Mesquita: Pode ter investimento externo em infraestrutura. O que tem que ser equacionado é o risco cambial. Porque o investidor investe dólar ou iene ou yuan e quer receber na mesma moeda. Há uma visão generalizada na sociedade contra associar preços locais à taxa de câmbio. Acho um exagero. É engraçado que as pessoas têm muita resistência a isso em projetos de infraestrutura, mas a energia de Itaipu é dolarizada, os preços dos combustíveis são dolarizados. A nova política de preços da Petrobras deixa isso claro, mas para investimento em infraestrutura não pode atrelar ao câmbio. Não sei por que uma tarifa de pedágio de uma estrada que leve a um porto não pode ter uma relação com a taxa de câmbio, ainda que suavizada, a médias móveis, enfim. Sem resolver esse problema, de fato, vai ser difícil atrair capital estrangeiro, mesmo com todas as oportunidades que existem aqui.

Valor: Os investidores não podem simplesmente fazer hedge, como fazem as empresas nacionais?

Mesquita: Podem fazer, mas eles dizem sempre que custa caro, mas em tese pode fazer. Acho que a pior solução é tentar transferir esse risco cambial para o Tesouro, uma tendência natural aqui no país.

Valor: Economistas de perfil liberal, como Afonso Celso Pastore e Eduardo Loyo, têm defendido a aceleração da queda dos juros, mas o Banco Central resiste ao optar por caminho mais cauteloso. Como vê isso?

Mesquita: Quando o Copom começou com corte 25 pontos básicos, era a decisão correta naquela ocasião. Depois, mesmo que o Copom tenha sinalizado que havia risco grande de continuar no ritmo de 25, a nossa visão era que aceleraria para 50 por causa da decepção com a atividade e, mais importante, o que isso implica para a perspectiva de inflação, que é o norte, sempre, do BC. O problema é que, no meio do caminho, houve a surpresa eleitoral nos EUA, aumentou a volatilidade no mercado, especialmente cambial. O Banco Central, que estava reduzindo a posição dos swaps cambiais, teve que atuar na outra ponta, e esses desenvolvimentos nos convenceram de que de fato continuaria a cortar no ritmo de 25. Foi o que acabaram fazendo. Foi a decisão correta com as informações que tinham disponíveis naquele momento. O trabalho que eles fizeram até agora foi extremamente bem conduzido e exitoso, no sentido de ancorar as expectativas.

Valor: Qual é o peso que o senhor atribui hoje à crise política no cenário de incerteza?

Mesquita: Muito difícil fazer um vaticínio sobre o desenvolvimento da Lava-Jato, suas repercussões políticas etc.

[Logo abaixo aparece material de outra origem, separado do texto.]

lemma adjugate3_mult: "adjugate3 A ** A = det A *\<^sub>R mat 1"
  by (simp add: vec_eq_iff forall_3 matrix_matrix_mult_def sum_3 det_3 adjugate3_def mat_def
      algebra_simps)

lemma adjugate3_scaleR: "adjugate3 (c *\<^sub>R A) = c\<^sup>2 *\<^sub>R adjugate3 A"
  by (simp add: vec_eq_iff forall_3 adjugate3_def algebra_simps power2_eq_square)

lemma elementary_on_adjugate3:
  assumes "\<And>i j. (\<lambda>z. A z $ i $ j) \<in> elementary_on S"
  shows "(\<lambda>z. adjugate3 (A z) $ i $ j) \<in> elementary_on S"
proof -
  have "(\<lambda>z. adjugate3 (A z) $ a $ b) \<in> elementary_on S" if "a \<in> {1,2,3}" "b \<in> {1,2,3}" for a b :: 3
    using that by (auto simp: adjugate3_def intro!: elementary_on_diff elementary_on.mult assms)
  moreover have "i \<in> {1,2,3}" "j \<in> {1,2,3}" using exhaust_3 by auto
  ultimately show ?thesis by blast
qed

lemma p2_nth: "p2 rho p H gamma (t, x, \<tau>, \<xi>) $ i $ j =
   (rho x * \<tau>\<^sup>2 - (H x \<bullet> \<xi>)\<^sup>2) * (if i = j then 1 else 0)
   - (gamma * p x + (norm (H x))\<^sup>2) * (\<xi> $ i * \<xi> $ j)
   + (H x \<bullet> \<xi>) * (\<xi> $ i * H x $ j + H x $ i * \<xi> $ j)"
  by (simp add: p2_def outer_def mat_def)

definition magnetosonic_quartic ::
  "(real^3 \<Rightarrow> real) \<Rightarrow> (real^3 \<Rightarrow> real) \<Rightarrow> (real^3 \<Rightarrow> real^3) \<Rightarrow> real \<Rightarrow> phase \<Rightarrow> real" where
  "magnetosonic_quartic rho p H gamma z = (case z of (t, x, \<tau>, \<xi>) \<Rightarrow>
     (rho x)\<^sup>2 * \<tau>^4 - rho x * (gamma * p x + (norm (H x))\<^sup>2) * (norm \<xi>)\<^sup>2 * \<tau>\<^sup>2
     + gamma * p x * (norm \<xi>)\<^sup>2 * (H x \<bullet> \<xi>)\<^sup>2)"

lemma det_p2: "det (p2 rho p H gamma z) = q1 rho H z * magnetosonic_quartic rho p H gamma z"
proof -
  obtain t x \<tau> \<xi> where z: "z = (t, x, \<tau>, \<xi>)" by (cases z) auto
  show ?thesis
    unfolding z det_3 p2_nth q1_def magnetosonic_quartic_def power2_norm_eq_inner inner_vec_def
      sum_3 inner_real_def
    by simp algebra
qed

definition magnetosonic_disc ::
  "(real^3 \<Rightarrow> real) \<Rightarrow> (real^3 \<Rightarrow> real) \<Rightarrow> (real^3 \<Rightarrow> real^3) \<Rightarrow> real \<Rightarrow> real^3 \<Rightarrow> real^3 \<Rightarrow> real" where
  "magnetosonic_disc rho p H gamma x \<xi> = (csq rho p gamma x - hsq rho H x)\<^sup>2 * (norm \<xi>)^4
     + 4 * bsq rho H x \<xi> * csq rho p gamma x * (norm \<xi>)\<^sup>2"

lemma cssq_eq: "cssq rho p H gamma x \<xi> =
    ((csq rho p gamma x + hsq rho H x) * (norm \<xi>)\<^sup>2 - sqrt (magnetosonic_disc rho p H gamma x \<xi>)) / 2"
  unfolding cssq_def magnetosonic_disc_def ..

lemma cfsq_eq: "cfsq rho p H gamma x \<xi> =
    ((csq rho p gamma x + hsq rho H x) * (norm \<xi>)\<^sup>2 + sqrt (magnetosonic_disc rho p H gamma x \<xi>)) / 2"
  unfolding cfsq_def magnetosonic_disc_def ..

lemma bsq_eq: "bsq rho H x \<xi> = ((norm \<xi>)\<^sup>2 * (norm (H x))\<^sup>2 - (H x \<bullet> \<xi>)\<^sup>2) / rho x"
proof -
  have "(norm (cross3 \<xi> (H x)))\<^sup>2 = (norm \<xi> * norm (H x))\<^sup>2 - (\<xi> \<bullet> H x)\<^sup>2"
    using norm_cross_dot[of \<xi> "H x"] by linarith
  then show ?thesis unfolding bsq_def by (simp add: power_mult_distrib inner_commute)
qed

lemma magnetosonic_disc_nonneg:
  assumes "rho x > 0" "csq rho p gamma x \<ge> 0"
  shows "magnetosonic_disc rho p H gamma x \<xi> \<ge> 0"
  using assms unfolding magnetosonic_disc_def bsq_def by simp

lemma cssq_add_cfsq:
  "cssq rho p H gamma x \<xi> + cfsq rho p H gamma x \<xi> = (csq rho p gamma x + hsq rho H x) * (norm \<xi>)\<^sup>2"
  unfolding cssq_eq cfsq_eq by (simp add: field_simps)

lemma cssq_mult_cfsq:
  assumes "rho x > 0" "csq rho p gamma x \<ge> 0"
  shows "cssq rho p H gamma x \<xi> * cfsq rho p H gamma x \<xi> =
    gamma * p x * (norm \<xi>)\<^sup>2 * (H x \<bullet> \<xi>)\<^sup>2 / (rho x)\<^sup>2"
proof -
  let ?A = "(csq rho p gamma x + hsq rho H x) * (norm \<xi>)\<^sup>2"
  let ?D = "magnetosonic_disc rho p H gamma x \<xi>"
  have "cssq rho p H gamma x \<xi> * cfsq rho p H gamma x \<xi> = (?A\<^sup>2 - (sqrt ?D)\<^sup>2) / 4"
    unfolding cssq_eq cfsq_eq by (simp add: field_simps power2_eq_square)
  also have "\<dots> = (?A\<^sup>2 - ?D) / 4"
    using magnetosonic_disc_nonneg[OF assms] by simp
  also have "\<dots> = gamma * p x * (norm \<xi>)\<^sup>2 * (H x \<bullet> \<xi>)\<^sup>2 / (rho x)\<^sup>2"
    using assms(1)
    unfolding magnetosonic_disc_def bsq_eq csq_def hsq_def
    by (simp add: field_simps power2_eq_square power4_eq_xxxx)
  finally show ?thesis .
qed

lemma q2_mult_q3:
  assumes "rho x > 0" "csq rho p gamma x \<ge> 0"
  shows "q2 rho p H gamma (t, x, \<tau>, \<xi>) * q3 rho p H gamma (t, x, \<tau>, \<xi>) =
    magnetosonic_quartic rho p H gamma (t, x, \<tau>, \<xi>)"
proof -
  let ?s = "cssq rho p H gamma x \<xi>" and ?f = "cfsq rho p H gamma x \<xi>"
  have "q2 rho p H gamma (t, x, \<tau>, \<xi>) * q3 rho p H gamma (t, x, \<tau>, \<xi>) =
      (rho x)\<^sup>2 * (\<tau>^4 - (?s + ?f) * \<tau>\<^sup>2 + ?s * ?f)"
    unfolding q2_def q3_def by (simp add: algebra_simps power2_eq_square power4_eq_xxxx)
  also have "\<dots> = magnetosonic_quartic rho p H gamma (t, x, \<tau>, \<xi>)"
    using assms(1)
    unfolding cssq_add_cfsq cssq_mult_cfsq[OF assms] magnetosonic_quartic_def csq_def hsq_def
    by (simp add: field_simps power2_eq_square)
  finally show ?thesis .
qed

lemma det_p2_factor:
  assumes "rho x > 0" "csq rho p gamma x \<ge> 0"
  shows "det (p2 rho p H gamma (t, x, \<tau>, \<xi>)) =
    q1 rho H (t, x, \<tau>, \<xi>) * q2 rho p H gamma (t, x, \<tau>, \<xi>) * q3 rho p H gamma (t, x, \<tau>, \<xi>)"
  using det_p2 q2_mult_q3[OF assms] by (simp add: mult.assoc)

lemma gamma_p_pos: "rho x > 0 \<Longrightarrow> csq rho p gamma x > 0 \<Longrightarrow> gamma * p x > 0"
  unfolding csq_def by (simp add: zero_less_divide_iff)

lemma magnetosonic_disc_pos:
  assumes "rho x > 0" "csq rho p gamma x > 0" "cross3 \<xi> (H x) \<noteq> 0"
  shows "magnetosonic_disc rho p H gamma x \<xi> > 0"
proof -
  have "bsq rho H x \<xi> > 0" "\<xi> \<noteq> 0"
    using assms unfolding bsq_def by auto
  then have "4 * bsq rho H x \<xi> * csq rho p gamma x * (norm \<xi>)\<^sup>2 > 0"
    using assms(2) by simp
  then show ?thesis
    unfolding magnetosonic_disc_def by (simp add: add_nonneg_pos)
qed

lemma cfsq_pos:
  assumes "rho x > 0" "csq rho p gamma x > 0" "\<xi> \<noteq> 0"
  shows "cfsq rho p H gamma x \<xi> > 0"
proof -
  have "(csq rho p gamma x + hsq rho H x) * (norm \<xi>)\<^sup>2 > 0"
    using assms unfolding hsq_def by (simp add: add_pos_nonneg)
  moreover have "magnetosonic_disc rho p H gamma x \<xi> \<ge> 0"
    using magnetosonic_disc_nonneg assms(1,2) by (simp add: less_imp_le)
  ultimately show ?thesis
    unfolding cfsq_eq by (simp add: add_pos_nonneg)
qed

lemma cssq_pos:
  assumes "rho x > 0" "csq rho p gamma x > 0" "H x \<bullet> \<xi> \<noteq> 0"
  shows "cssq rho p H gamma x \<xi> > 0"
proof -
  have "\<xi> \<noteq> 0" using assms(3) by auto
  then have "cssq rho p H gamma x \<xi> * cfsq rho p H gamma x \<xi> > 0"
    using assms gamma_p_pos[OF assms(1,2)] unfolding cssq_mult_cfsq[OF assms(1) less_imp_le[OF assms(2)]]
    by simp
  then show ?thesis
    using cfsq_pos[where H = H, OF assms(1,2) \<open>\<xi> \<noteq> 0\<close>] by (simp add: zero_less_mult_iff)
qed

lemma q1_zero_imp_tau_nonzero: "q1 rho H (t, x, \<tau>, \<xi>) = 0 \<Longrightarrow> H x \<bullet> \<xi> \<noteq> 0 \<Longrightarrow> \<tau> \<noteq> 0"
  unfolding q1_def by auto

lemma q2_zero_imp_tau_nonzero:
  assumes "q2 rho p H gamma (t, x, \<tau>, \<xi>) = 0"
    and "rho x > 0" "csq rho p gamma x > 0" "H x \<bullet> \<xi> \<noteq> 0"
  shows "\<tau> \<noteq> 0"
  using assms cssq_pos[where H = H and p = p, OF assms(2-4)] unfolding q2_def by auto

lemma q3_zero_imp_tau_nonzero:
  assumes "q3 rho p H gamma (t, x, \<tau>, \<xi>) = 0"
    and "rho x > 0" "csq rho p gamma x > 0" "\<xi> \<noteq> 0"
  shows "\<tau> \<noteq> 0"
  using assms cfsq_pos[where H = H, OF assms(2-4)] unfolding q3_def by auto

lemma homogeneous_on_p2: "homogeneous_on S 2 (p2 rho p H gamma)"
  unfolding homogeneous_on_def
  by (auto simp: dil_def vec_eq_iff p2_nth algebra_simps power2_eq_square split: prod.splits)

lemma homogeneous_on_q1: "homogeneous_on S 2 (q1 rho H)"
  unfolding homogeneous_on_def
  by (auto simp: dil_def q1_def algebra_simps power2_eq_square split: prod.splits)

lemma magnetosonic_disc_scaleR:
  "magnetosonic_disc rho p H gamma x (s *\<^sub>R \<xi>) = (s\<^sup>2)\<^sup>2 * magnetosonic_disc rho p H gamma x \<xi>"
  unfolding magnetosonic_disc_def bsq_def
  by (simp add: cross_mult_left power_mult_distrib algebra_simps flip: power_mult)

lemma sqrt_scale_square: "sqrt ((s\<^sup>2)\<^sup>2 * d) = s\<^sup>2 * sqrt d"
  by (simp only: real_sqrt_mult real_sqrt_abs abs_of_nonneg[OF zero_le_power2])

Mas as consultorias políticas atribuem probabilidade bem alta de o governo concluir o mandato. Agora, isso não tem nada a ver com a política monetária.

Valor: Mas não afeta, não é um elemento de incerteza?

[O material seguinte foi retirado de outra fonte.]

lemma sum_chu_terms_atMost:
  assumes "q \<noteq> 0"
  shows "(\<Sum>k\<le>n. phi_term [inverse q ^ n, inverse q ^ r] [D] q z k)
       = (\<Sum>k\<le>r. phi_term [inverse q ^ n, inverse q ^ r] [D] q z k)"
proof -
  have vanish: "phi_term [inverse q ^ n, inverse q ^ r] [D] q z k = 0" if "n < k \<or> r < k" for k
    using that qpoch_inverse_power_eq_0[OF assms] by (auto simp: phi_term_2_1)
  have "(\<Sum>k\<le>m. phi_term [inverse q ^ n, inverse q ^ r] [D] q z k)
      = (\<Sum>k\<le>n + r. phi_term [inverse q ^ n, inverse q ^ r] [D] q z k)" if "m = n \<or> m = r" for m
    using that by (intro sum.mono_neutral_left) (auto intro: vanish)
  then show ?thesis
    by simp
qed

theorem basic_hyp_3_2_transformation:
  fixes q A B C D w :: complex and r :: nat
  assumes q: "cmod q < 1" "q \<noteq> 0" and C: "C = A * B * w" and w: "w \<noteq> 0"
    and Cn: "\<And>n. qpoch C q n \<noteq> 0" and Dn: "\<And>n. qpoch D q n \<noteq> 0"
    and wn: "\<And>n. qpoch (q / w) q n \<noteq> 0"
    and Cinf: "qpoch_inf C q \<noteq> 0" and winf: "qpoch_inf w q \<noteq> 0"
    and z: "cmod (w * inverse q ^ r) < 1"
  shows "basic_hyp [A, B, D * q ^ r] [C, D] q (w * inverse q ^ r)
       = qpoch_inf (A * w) q * qpoch_inf (B * w) q / (qpoch_inf w q * qpoch_inf C q)
         * basic_hyp [A, inverse q ^ r, B] [q / w, D] q q"
proof -
  define F where "F = qpoch_inf (A * w) q * qpoch_inf (B * w) q / (qpoch_inf w q * qpoch_inf C q)"
  define g where "g k n = phi_term [A, B] [C] q w n * phi_term [inverse q ^ n, inverse q ^ r] [D] q q k" for k n
  have g_sums: "g k sums (F * phi_term [A, inverse q ^ r, B] [q / w, D] q q k)" if "k \<in> {..r}" for k
    unfolding g_def F_def using that
    by (intro phi_term_chu_product_sums[OF q C w Cn Dn wn Cinf winf z]) auto
  have expand: "phi_term [A, B, D * q ^ r] [C, D] q (w * inverse q ^ r) n = (\<Sum>k\<le>r. g k n)" for n
  proof -
    have pw: "(w * inverse q ^ r) ^ n = w ^ n / q ^ (r * n)"
      by (simp add: power_mult_distrib power_mult power_inverse divide_inverse)
    have cv: "qpoch (D * q ^ r) q n
        = qpoch D q n * q ^ (r * n) * (\<Sum>k\<le>r. phi_term [inverse q ^ n, inverse q ^ r] [D] q q k)"
      using q_chu_vandermonde[OF q Dn] sum_chu_terms_atMost[OF q(2)] by simp
    have "phi_term [A, B, D * q ^ r] [C, D] q (w * inverse q ^ r) n
        = phi_term [A, B] [C] q w n * (\<Sum>k\<le>r. phi_term [inverse q ^ n, inverse q ^ r] [D] q q k)"
      unfolding phi_term_3_2 phi_term_2_1[of A B C] cv pw
      using Dn[of n] q(2) by (simp add: field_simps del: sum.atMost_Suc)
    then show ?thesis
      by (simp add: g_def sum_distrib_left)
  qed
  have "basic_hyp [A, B, D * q ^ r] [C, D] q (w * inverse q ^ r) = (\<Sum>n. \<Sum>k\<le>r. g k n)"
    by (simp add: basic_hyp_def expand)
  also have "\<dots> = (\<Sum>k\<le>r. \<Sum>n. g k n)"
    using g_sums by (intro suminf_sum) (auto dest: sums_summable)
  also have "\<dots> = F * (\<Sum>k\<le>r. phi_term [A, inverse q ^ r, B] [q / w, D] q q k)"
    using g_sums by (simp add: sums_iff sum_distrib_left)
  also have "(\<Sum>k\<le>r. phi_term [A, inverse q ^ r, B] [q / w, D] q q k)
      = basic_hyp [A, inverse q ^ r, B] [q / w, D] q q"
    unfolding basic_hyp_def
    by (rule suminf_finite[symmetric]) (auto simp: phi_term_3_2 qpoch_inverse_power_eq_0[OF q(2)])
  finally show ?thesis
    by (simp add: F_def)
qed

Mesquita: À medida que a crise política contribua para retrair os gastos de consumo e/ou investimento, isso vai influenciar o cenário macro. Agora, o que não pode acontecer e não vai acontecer com esse Banco Central é a preocupação com o entorno político afetar o processo de deliberação. Porque aí é o caminho para dar errado.